Сениор женился в 1858 году, в возрасте двадцати восьми лет, и рядом со своей нареченной, шестнадцатилетней Мари, он выглядел не таким уж юным. Тревога Ансельма была бы обоснованной, даже если бы он и не знал о пристрастии молодых Яблонцаи к картам и скачкам: образ жизни, который вел Сениор до женитьбы и о характере которого довольно красноречиво свидетельствовал приковавший его к креслу табес, едва ли оставался в Дебрецене тайной, и в мужской компании Ансельм наверняка много слышал о похождениях Сениора. Но вот какая штука: я еще не встретила человека, кто б, увидев у меня на шее медальон с изображением Сениора, не поднес бы миниатюру ближе к глазам и не вздохнул бы: «Вот это мужчина!» Примерно таким, как мой прадед, Сениор, представляла я всегда Рудольфа Сентирмаи у Йокаи. Деятели эпохи реформ были, должно быть, вот так же серьезны и красивы, — красивы серьезной и умной красотой, как этот бывший офицер инженерных войск освободительной армии, заслышав шаги которого (рассказывала третья парка) лошади на конюшне в Кёшейсеге все до единой вскидывали головы и начинали весело ржать. Разве могли тягаться с его обаянием и все сокровища лавки «У турецкого императора», и доводы Ансельма, и поучения, слышанные в сатмарском монастыре, где воспитывалась Мари Риккль, и посулы дальнего путешествия, может быть даже в Италию, и попытки напугать — мол, вот увидишь, пойдешь ты еще с таким мужем по миру. Марию Риккль эта любовь ввергла в такой смерч страсти, перед которым мелкими и незначительными казались любые жизненные трудности, и памятью об этом всепоглощающем чувстве, благодаря женитьбе получившем возможность достичь апогея в телесной любви, стал первый из ее четверых детей, ее гордость, ее радость, ее проклятие, ее рок — родившийся в 1860 году Юниор.

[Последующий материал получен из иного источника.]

lift_definition uminus_omega :: "omega \<Rightarrow> omega" is "\<lambda>a \<mu>. - a \<mu>"
  by (erule Omega_support_subset) simp

lift_definition minus_omega :: "omega \<Rightarrow> omega \<Rightarrow> omega" is "\<lambda>a b \<mu>. a \<mu> - b \<mu>"
  unfolding diff_conv_add_uminus by (rule Omega_add, assumption, erule Omega_support_subset, simp)

lift_definition times_omega :: "omega \<Rightarrow> omega \<Rightarrow> omega" is gs_mult
  by (rule gs_mult_Omega)

instance
proof
  fix a b c :: omega
  show "a * b * c = a * (b * c)"
    by transfer (rule gs_mult_assoc)
  show "a * b = b * a"
    by transfer (rule gs_mult_commute)
  show "1 * a = a"
    by transfer (rule gs_mult_one)
  show "(a + b) * c = a * c + b * c"
    by transfer (simp add: gs_mult_distrib fun_eq_iff)
  show "0 \<noteq> (1 :: omega)"
    by transfer (simp add: gs_zero_def gs_one_def fun_eq_iff)
  show "a + b + c = a + (b + c)"
    by transfer (simp add: add.assoc)
  show "a + b = b + a"
    by transfer (simp add: add.commute)
  show "0 + a = a"
    by transfer (simp add: gs_zero_def)
  show "- a + a = 0"
    by transfer (simp add: gs_zero_def)
  show "a - b = a + - b"
    by transfer simp
qed

end

lemma Rep_omega_sum: "Rep_omega (\<Sum>x\<in>A. f x) = (\<lambda>\<mu>. \<Sum>x\<in>A. Rep_omega (f x) \<mu>)"
  by (induction A rule: infinite_finite_induct) (simp_all add: zero_omega.rep_eq plus_omega.rep_eq gs_zero_def)

lemma Rep_omega_eq_0_iff: "Rep_omega a = gs_zero \<longleftrightarrow> a = 0"
  by (metis Rep_omega_inject zero_omega.rep_eq)

lemma Rep_omega_of_nat_mult: "Rep_omega (of_nat k * a) = (\<lambda>\<mu>. of_nat k * Rep_omega a \<mu>)"
  by (induction k) (simp_all add: distrib_right plus_omega.rep_eq zero_omega.rep_eq gs_zero_def algebra_simps)

lemma omega_torsion_free: "of_nat (Suc k) * a = (0 :: omega) \<Longrightarrow> a = 0"
  by (simp only: Rep_omega_eq_0_iff[symmetric] Rep_omega_of_nat_mult) (simp add: gs_zero_def fun_eq_iff del: of_nat_Suc)

lemma gs_pow_Rep_omega: "gs_pow (Rep_omega a) k = Rep_omega (a ^ k)"
  by (induction k) (simp_all add: gs_pow_def one_omega.rep_eq times_omega.rep_eq)

lemma Abs_omega_eq_0_iff: "a \<in> Omega \<Longrightarrow> Abs_omega a = 0 \<longleftrightarrow> a = gs_zero"
  by (metis Abs_omega_inverse Rep_omega_eq_0_iff mem_Collect_eq)

section \<open>Weight derivations\<close>

lift_definition weight_deriv :: "(real \<Rightarrow> real) \<Rightarrow> omega \<Rightarrow> omega"
  is "\<lambda>l a \<mu>. complex_of_real (l \<mu>) * a \<mu>"
  by (rule Omega_scale)

lemma gs_mult_weight_Leibniz:
  assumes ab: "a \<in> Omega" "b \<in> Omega" and l: "\<And>x y. l (x + y) = l x + l y"
  shows "complex_of_real (l \<mu>) * gs_mult a b \<mu> =
    gs_mult (\<lambda>\<mu>. complex_of_real (l \<mu>) * a \<mu>) b \<mu> + gs_mult a (\<lambda>\<mu>. complex_of_real (l \<mu>) * b \<mu>) \<mu>"
proof -
  let ?T = "{\<nu>. a \<nu> \<noteq> 0 \<and> b (\<mu> - \<nu>) \<noteq> 0}"
  have T: "finite ?T"
    using gs_mult_support_finite[OF ab] .
  have "complex_of_real (l \<mu>) * gs_mult a b \<mu> =
      (\<Sum>\<nu>\<in>?T. complex_of_real (l \<nu>) * a \<nu> * b (\<mu> - \<nu>) + a \<nu> * (complex_of_real (l (\<mu> - \<nu>)) * b (\<mu> - \<nu>)))"
    unfolding gs_mult_def sum_distrib_left
  proof (rule sum.cong[OF refl])
    fix \<nu>
    have "complex_of_real (l \<mu>) = complex_of_real (l \<nu>) + complex_of_real (l (\<mu> - \<nu>))"
      using l[of \<nu> "\<mu> - \<nu>"] by simp
    then show "complex_of_real (l \<mu>) * (a \<nu> * b (\<mu> - \<nu>)) =
        complex_of_real (l \<nu>) * a \<nu> * b (\<mu> - \<nu>) + a \<nu> * (complex_of_real (l (\<mu> - \<nu>)) * b (\<mu> - \<nu>))"
      by (simp add: algebra_simps)
  qed
  also have "\<dots> = gs_mult (\<lambda>\<mu>. complex_of_real (l \<mu>) * a \<mu>) b \<mu> + gs_mult a (\<lambda>\<mu>. complex_of_real (l \<mu>) * b \<mu>) \<mu>"
    by (subst (1 2) gs_mult_eq_sum[OF T]) (auto simp: sum.distrib mult.assoc)
  finally show ?thesis .
qed

lemma derivation_weight_deriv:
  assumes "\<And>x y. l (x + y) = l x + l y"
  shows "derivation (weight_deriv l)"
  unfolding derivation_def
proof (intro conjI allI)
  fix a b :: omega
  show "weight_deriv l (a + b) = weight_deriv l a + weight_deriv l b"
    by transfer (simp add: distrib_left)
  show "weight_deriv l (a * b) = weight_deriv l a * b + a * weight_deriv l b"
    using gs_mult_weight_Leibniz[OF _ _ assms] by transfer (simp add: fun_eq_iff)
qed

lemma weight_deriv_eq_0:
  assumes "\<And>\<mu>. Rep_omega a \<mu> \<noteq> 0 \<Longrightarrow> l \<mu> = 0"
  shows "weight_deriv l a = 0"
  using assms by (auto simp: Rep_omega_eq_0_iff[symmetric] weight_deriv.rep_eq gs_zero_def fun_eq_iff)

definition weight_derivs_mod_Q :: "(omega \<Rightarrow> omega) set" where
  "weight_derivs_mod_Q =
     {weight_deriv l | l. (\<forall>x y. l (x + y) = l x + l y) \<and> (\<forall>r\<in>\<rat>. l r = 0)}"

lemma derivation_weight_derivs_mod_Q: "\<delta> \<in> weight_derivs_mod_Q \<Longrightarrow> derivation \<delta>"
  unfolding weight_derivs_mod_Q_def by (auto intro: derivation_weight_deriv)

lemma Puiseux_subset_Omega: "Puiseux \<subseteq> Omega"
  unfolding Puiseux_def by blast

lemma weight_derivs_mod_Q_Puiseux:
  assumes "a \<in> Puiseux" "\<delta> \<in> weight_derivs_mod_Q"
  shows "\<delta> (Abs_omega a) = 0"
proof -
  obtain l where "\<delta> = weight_deriv l" "\<And>r. r \<in> \<rat> \<Longrightarrow> l r = 0"
    using assms(2) unfolding weight_derivs_mod_Q_def by blast
  moreover have "\<mu> \<in> \<rat>" if "a \<mu> \<noteq> 0" for \<mu>
    using assms(1) that unfolding Puiseux_def gsupp_def by force
  moreover have "Rep_omega (Abs_omega a) = a"
    using assms(1) Puiseux_subset_Omega by (blast intro: Abs_omega_inverse)
  ultimately show ?thesis
    by (metis weight_deriv_eq_0)
qed

section \<open>Exponents modulo the rationals\<close>

definition qscale :: "rat \<Rightarrow> real \<Rightarrow> real" where
  "qscale r x = real_of_rat r * x"

interpretation Q: vector_space qscale
  by unfold_locales (simp_all add: qscale_def algebra_simps of_rat_add of_rat_mult)

interpretation QQ: vector_space_pair qscale qscale ..

lemma rat_span_eq_span: "rat_span E = Q.span E"
  unfolding rat_span_def Q.span_explicit qscale_def by blast

lemma Rats_subset_span_one: "\<rat> \<subseteq> Q.span {1}"
proof
  fix x :: real assume "x \<in> \<rat>"
  then obtain r where "x = qscale r 1"
    by (auto simp: qscale_def elim: Rats_cases)
  then show "x \<in> Q.span {1}"
    by (simp add: Q.span_base Q.span_scale)
qed

lemma exists_additive_functional:
  assumes "\<nu> \<notin> Q.span U"
  obtains l :: "real \<Rightarrow> real"
  where "\<And>x y. l (x + y) = l x + l y" "\<And>u. u \<in> U \<Longrightarrow> l u = 0" "l \<nu> = 1"
proof -
  obtain B where B: "B \<subseteq> U" "Q.independent B" "U \<subseteq> Q.span B"
    using Q.maximal_independent_subset by blast
  have "Q.span B \<subseteq> Q.span U"
    using B(1) Q.span_mono by blast
  then have "\<nu> \<notin> Q.span B"
    using assms by blast
  then have "Q.independent (insert \<nu> B)" and "\<nu> \<notin> B"
    using B(2) Q.independent_insertI Q.span_base by blast+
  then obtain g where g: "Vector_Spaces.linear qscale qscale g"
    "\<forall>x\<in>insert \<nu> B. g x = (if x = \<nu> then 1 else 0)"
    using QQ.linear_independent_extend[of "insert \<nu> B" "\<lambda>x. if x = \<nu> then 1 else 0"] by blast
  show ?thesis
  proof (rule that)
    show "g (x + y) = g x + g y" for x y
      using QQ.linear_add[OF g(1)] .
    show "g u = 0" if "u \<in> U" for u
    proof (rule QQ.linear_eq_0_on_span[OF g(1)])
      show "u \<in> Q.span B"
        using B(3) that by blast
      show "g b = 0" if "b \<in> B" for b
        using g(2) that \<open>\<nu> \<notin> B\<close> by auto
    qed
    show "g \<nu> = 1"
      using g(2) by simp
  qed
qed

Сохранилось три фотографии Кальмана-Юниора. На одной из них он стоит улыбающийся, в венгерской одежде, в сапогах со шпорами, поставив руку на бедро. На другой, свадебной, он почти так же неотразим, как отец: в клетчатом костюме, со светлыми бакенбардами, по моде тех времен подстриженными клином, с булавкой в широком галстуке, в круглой шляпе с узкими полями и с птичьим пером на тулье. Ему здесь всего двадцать два года, весь его облик дышит силой, красотой и серьезностью; глядя на третью карточку, где ему едва перевалило за сорок, трудно поверить, что это тот самый человек. И если молодой Кальман напоминает своего великолепного отца, то в пожилом всплывают на поверхность черты матери — лицо Марии Риккль было сделано более грубо. На этот последний портрет трудно смотреть без грусти, и даже не потому, что на нем словно написано: прости-прощай, молодость, — на нем написано больше: прости-прощай, былая смелость, былой задор. С фотографии этой смотрит на нас одутловатый, сломленный жизнью, почти расставшийся со всеми надеждами, до срока состарившийся мужчина. Это лицо, эти глаза знают уже, что выхода не будет, не будет и помощи, жизнь близится к концу, ничего не достигнуто из того, что хотелось. У двадцатилетнего Юниора словно на лбу написано: этот юноша, наверное, пишет стихи. Лицо сорокалетнего Юниора — лицо человека, которому и читать-то больше не хочется: ужасная жизнь, ужасная мать и жена с ужасной судьбой поглотили все его душевные силы, и нет такого чуда, которое вновь распрямило бы его сгорбленную спину.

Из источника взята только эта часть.